--- HOW TO COMPLETE THIS TASK ---
Beginning with the line that contains "real) \<Rightarrow> nat" in the material below, print each line exactly until the line that contains "by (simp add: labelled_sample_def)" has been printed, then stop.

--- GIVEN ENTRIES ---

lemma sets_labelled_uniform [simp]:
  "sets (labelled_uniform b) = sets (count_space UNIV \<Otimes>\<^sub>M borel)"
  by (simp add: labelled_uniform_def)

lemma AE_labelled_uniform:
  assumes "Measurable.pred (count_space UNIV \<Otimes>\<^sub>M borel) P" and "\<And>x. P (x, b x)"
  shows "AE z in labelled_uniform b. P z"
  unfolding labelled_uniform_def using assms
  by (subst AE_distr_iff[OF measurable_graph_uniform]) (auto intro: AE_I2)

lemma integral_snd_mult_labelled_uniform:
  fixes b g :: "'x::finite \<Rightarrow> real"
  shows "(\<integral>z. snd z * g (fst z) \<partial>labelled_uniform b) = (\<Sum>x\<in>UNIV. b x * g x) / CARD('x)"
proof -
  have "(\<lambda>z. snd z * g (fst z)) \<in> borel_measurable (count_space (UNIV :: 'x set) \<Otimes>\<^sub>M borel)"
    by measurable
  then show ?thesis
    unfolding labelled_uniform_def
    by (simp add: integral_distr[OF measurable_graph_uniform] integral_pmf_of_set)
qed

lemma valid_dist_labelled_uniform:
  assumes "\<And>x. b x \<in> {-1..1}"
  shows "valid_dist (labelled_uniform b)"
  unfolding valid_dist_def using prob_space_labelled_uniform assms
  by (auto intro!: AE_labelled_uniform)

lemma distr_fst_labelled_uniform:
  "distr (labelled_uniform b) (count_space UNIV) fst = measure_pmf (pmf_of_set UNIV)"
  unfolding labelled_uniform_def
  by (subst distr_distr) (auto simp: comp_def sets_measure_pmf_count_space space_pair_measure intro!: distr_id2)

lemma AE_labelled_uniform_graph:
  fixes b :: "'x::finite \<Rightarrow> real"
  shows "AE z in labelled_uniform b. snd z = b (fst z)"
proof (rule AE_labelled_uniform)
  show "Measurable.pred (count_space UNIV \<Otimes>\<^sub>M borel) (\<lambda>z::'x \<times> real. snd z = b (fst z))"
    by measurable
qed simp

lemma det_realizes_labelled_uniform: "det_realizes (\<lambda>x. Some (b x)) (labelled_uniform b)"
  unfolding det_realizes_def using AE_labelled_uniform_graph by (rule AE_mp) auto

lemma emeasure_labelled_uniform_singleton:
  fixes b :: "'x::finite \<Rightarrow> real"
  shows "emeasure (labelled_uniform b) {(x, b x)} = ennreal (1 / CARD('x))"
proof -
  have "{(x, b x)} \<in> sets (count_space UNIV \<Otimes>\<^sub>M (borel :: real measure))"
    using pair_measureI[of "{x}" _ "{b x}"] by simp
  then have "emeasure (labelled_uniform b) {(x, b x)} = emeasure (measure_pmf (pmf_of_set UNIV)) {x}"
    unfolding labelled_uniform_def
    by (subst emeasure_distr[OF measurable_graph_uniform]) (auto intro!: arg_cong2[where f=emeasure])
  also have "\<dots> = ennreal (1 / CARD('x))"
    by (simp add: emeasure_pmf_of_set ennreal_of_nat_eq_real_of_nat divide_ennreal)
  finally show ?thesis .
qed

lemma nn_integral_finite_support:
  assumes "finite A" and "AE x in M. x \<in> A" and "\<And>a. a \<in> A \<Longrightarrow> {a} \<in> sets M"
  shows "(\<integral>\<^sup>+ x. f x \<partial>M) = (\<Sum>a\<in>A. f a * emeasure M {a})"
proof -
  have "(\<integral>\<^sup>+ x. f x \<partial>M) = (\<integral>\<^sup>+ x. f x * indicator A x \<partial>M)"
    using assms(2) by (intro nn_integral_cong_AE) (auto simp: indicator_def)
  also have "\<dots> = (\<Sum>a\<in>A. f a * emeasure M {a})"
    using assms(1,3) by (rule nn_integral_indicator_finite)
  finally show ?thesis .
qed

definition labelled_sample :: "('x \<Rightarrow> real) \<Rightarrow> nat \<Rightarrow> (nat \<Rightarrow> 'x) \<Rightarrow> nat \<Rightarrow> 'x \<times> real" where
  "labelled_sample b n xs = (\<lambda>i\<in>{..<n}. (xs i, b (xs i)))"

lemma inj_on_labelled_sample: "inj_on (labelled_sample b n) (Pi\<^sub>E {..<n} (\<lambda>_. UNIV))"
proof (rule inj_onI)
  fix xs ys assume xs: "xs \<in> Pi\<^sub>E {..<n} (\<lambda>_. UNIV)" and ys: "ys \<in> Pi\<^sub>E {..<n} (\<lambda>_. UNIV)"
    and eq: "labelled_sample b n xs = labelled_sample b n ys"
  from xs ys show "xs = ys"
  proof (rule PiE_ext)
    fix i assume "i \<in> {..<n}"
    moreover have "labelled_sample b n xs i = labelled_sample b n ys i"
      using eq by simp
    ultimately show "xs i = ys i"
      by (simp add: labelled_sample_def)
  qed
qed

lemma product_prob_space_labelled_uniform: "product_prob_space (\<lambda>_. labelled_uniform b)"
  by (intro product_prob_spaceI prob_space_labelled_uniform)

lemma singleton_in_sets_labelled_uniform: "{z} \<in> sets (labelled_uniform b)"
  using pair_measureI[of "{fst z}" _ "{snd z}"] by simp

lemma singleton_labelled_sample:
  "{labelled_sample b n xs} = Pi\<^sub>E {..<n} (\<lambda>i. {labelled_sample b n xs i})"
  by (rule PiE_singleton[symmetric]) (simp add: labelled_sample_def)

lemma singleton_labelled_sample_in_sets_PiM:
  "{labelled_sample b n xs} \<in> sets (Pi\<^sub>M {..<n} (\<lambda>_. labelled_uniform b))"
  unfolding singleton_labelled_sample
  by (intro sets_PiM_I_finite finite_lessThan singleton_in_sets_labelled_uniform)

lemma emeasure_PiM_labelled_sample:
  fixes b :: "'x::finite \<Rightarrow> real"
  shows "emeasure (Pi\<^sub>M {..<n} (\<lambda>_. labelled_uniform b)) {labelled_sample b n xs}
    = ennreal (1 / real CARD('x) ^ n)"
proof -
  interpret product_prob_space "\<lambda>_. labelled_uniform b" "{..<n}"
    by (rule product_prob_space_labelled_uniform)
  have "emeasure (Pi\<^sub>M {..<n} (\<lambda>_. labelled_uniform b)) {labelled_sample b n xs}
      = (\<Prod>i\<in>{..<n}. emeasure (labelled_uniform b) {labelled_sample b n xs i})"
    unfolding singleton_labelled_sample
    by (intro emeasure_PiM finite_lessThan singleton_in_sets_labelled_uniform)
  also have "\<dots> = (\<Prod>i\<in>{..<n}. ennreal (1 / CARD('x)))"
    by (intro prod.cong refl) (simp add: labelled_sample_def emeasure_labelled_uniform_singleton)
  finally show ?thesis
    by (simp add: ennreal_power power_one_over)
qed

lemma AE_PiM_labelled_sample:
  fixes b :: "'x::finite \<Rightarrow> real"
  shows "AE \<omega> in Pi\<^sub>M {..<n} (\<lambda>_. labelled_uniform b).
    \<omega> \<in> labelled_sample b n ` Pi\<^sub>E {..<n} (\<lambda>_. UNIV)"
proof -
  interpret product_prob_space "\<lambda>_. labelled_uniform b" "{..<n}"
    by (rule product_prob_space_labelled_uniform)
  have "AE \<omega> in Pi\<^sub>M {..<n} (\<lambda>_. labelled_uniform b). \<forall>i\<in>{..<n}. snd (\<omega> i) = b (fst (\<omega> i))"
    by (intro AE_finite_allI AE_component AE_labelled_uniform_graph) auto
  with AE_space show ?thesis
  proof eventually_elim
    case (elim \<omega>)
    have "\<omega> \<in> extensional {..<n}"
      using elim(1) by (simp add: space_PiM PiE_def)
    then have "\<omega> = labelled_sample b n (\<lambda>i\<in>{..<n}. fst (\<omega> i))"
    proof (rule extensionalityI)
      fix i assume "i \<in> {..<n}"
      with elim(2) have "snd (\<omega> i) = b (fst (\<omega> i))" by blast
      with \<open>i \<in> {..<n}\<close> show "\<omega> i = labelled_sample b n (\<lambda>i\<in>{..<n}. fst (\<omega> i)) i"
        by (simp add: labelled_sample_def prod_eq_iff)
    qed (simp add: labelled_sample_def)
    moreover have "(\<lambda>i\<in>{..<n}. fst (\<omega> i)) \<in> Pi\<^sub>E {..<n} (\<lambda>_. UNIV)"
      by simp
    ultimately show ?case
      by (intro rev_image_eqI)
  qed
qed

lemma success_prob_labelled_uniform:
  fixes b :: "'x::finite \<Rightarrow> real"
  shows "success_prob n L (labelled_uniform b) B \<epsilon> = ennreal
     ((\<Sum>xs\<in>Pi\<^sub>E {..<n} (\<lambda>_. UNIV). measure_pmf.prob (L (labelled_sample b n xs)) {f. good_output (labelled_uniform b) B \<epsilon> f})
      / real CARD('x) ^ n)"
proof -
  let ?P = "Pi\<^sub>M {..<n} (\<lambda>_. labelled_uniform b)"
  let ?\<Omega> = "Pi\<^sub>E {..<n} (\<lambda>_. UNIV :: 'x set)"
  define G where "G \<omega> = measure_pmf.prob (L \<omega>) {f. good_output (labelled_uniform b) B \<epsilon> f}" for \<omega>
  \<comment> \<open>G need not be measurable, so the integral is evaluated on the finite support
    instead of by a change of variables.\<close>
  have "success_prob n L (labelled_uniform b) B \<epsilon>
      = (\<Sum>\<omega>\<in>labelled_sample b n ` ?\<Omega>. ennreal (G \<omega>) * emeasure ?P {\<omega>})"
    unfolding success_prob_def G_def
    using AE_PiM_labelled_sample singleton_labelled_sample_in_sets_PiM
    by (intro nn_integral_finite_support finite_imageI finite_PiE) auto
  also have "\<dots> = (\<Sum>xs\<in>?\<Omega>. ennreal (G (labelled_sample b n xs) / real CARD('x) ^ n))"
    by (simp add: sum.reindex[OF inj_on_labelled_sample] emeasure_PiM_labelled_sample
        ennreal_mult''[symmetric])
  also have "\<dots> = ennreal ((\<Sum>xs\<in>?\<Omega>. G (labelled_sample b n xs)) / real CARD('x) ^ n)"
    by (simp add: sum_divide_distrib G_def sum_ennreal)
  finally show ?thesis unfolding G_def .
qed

--- SOLUTION TO THIS TASK ---
definition labelled_sample :: "('x \<Rightarrow> real) \<Rightarrow> nat \<Rightarrow> (nat \<Rightarrow> 'x) \<Rightarrow> nat \<Rightarrow> 'x \<times> real" where
  "labelled_sample b n xs = (\<lambda>i\<in>{..<n}. (xs i, b (xs i)))"

lemma inj_on_labelled_sample: "inj_on (labelled_sample b n) (Pi\<^sub>E {..<n} (\<lambda>_. UNIV))"
proof (rule inj_onI)
  fix xs ys assume xs: "xs \<in> Pi\<^sub>E {..<n} (\<lambda>_. UNIV)" and ys: "ys \<in> Pi\<^sub>E {..<n} (\<lambda>_. UNIV)"
    and eq: "labelled_sample b n xs = labelled_sample b n ys"
  from xs ys show "xs = ys"
  proof (rule PiE_ext)
    fix i assume "i \<in> {..<n}"
    moreover have "labelled_sample b n xs i = labelled_sample b n ys i"
      using eq by simp
    ultimately show "xs i = ys i"
      by (simp add: labelled_sample_def)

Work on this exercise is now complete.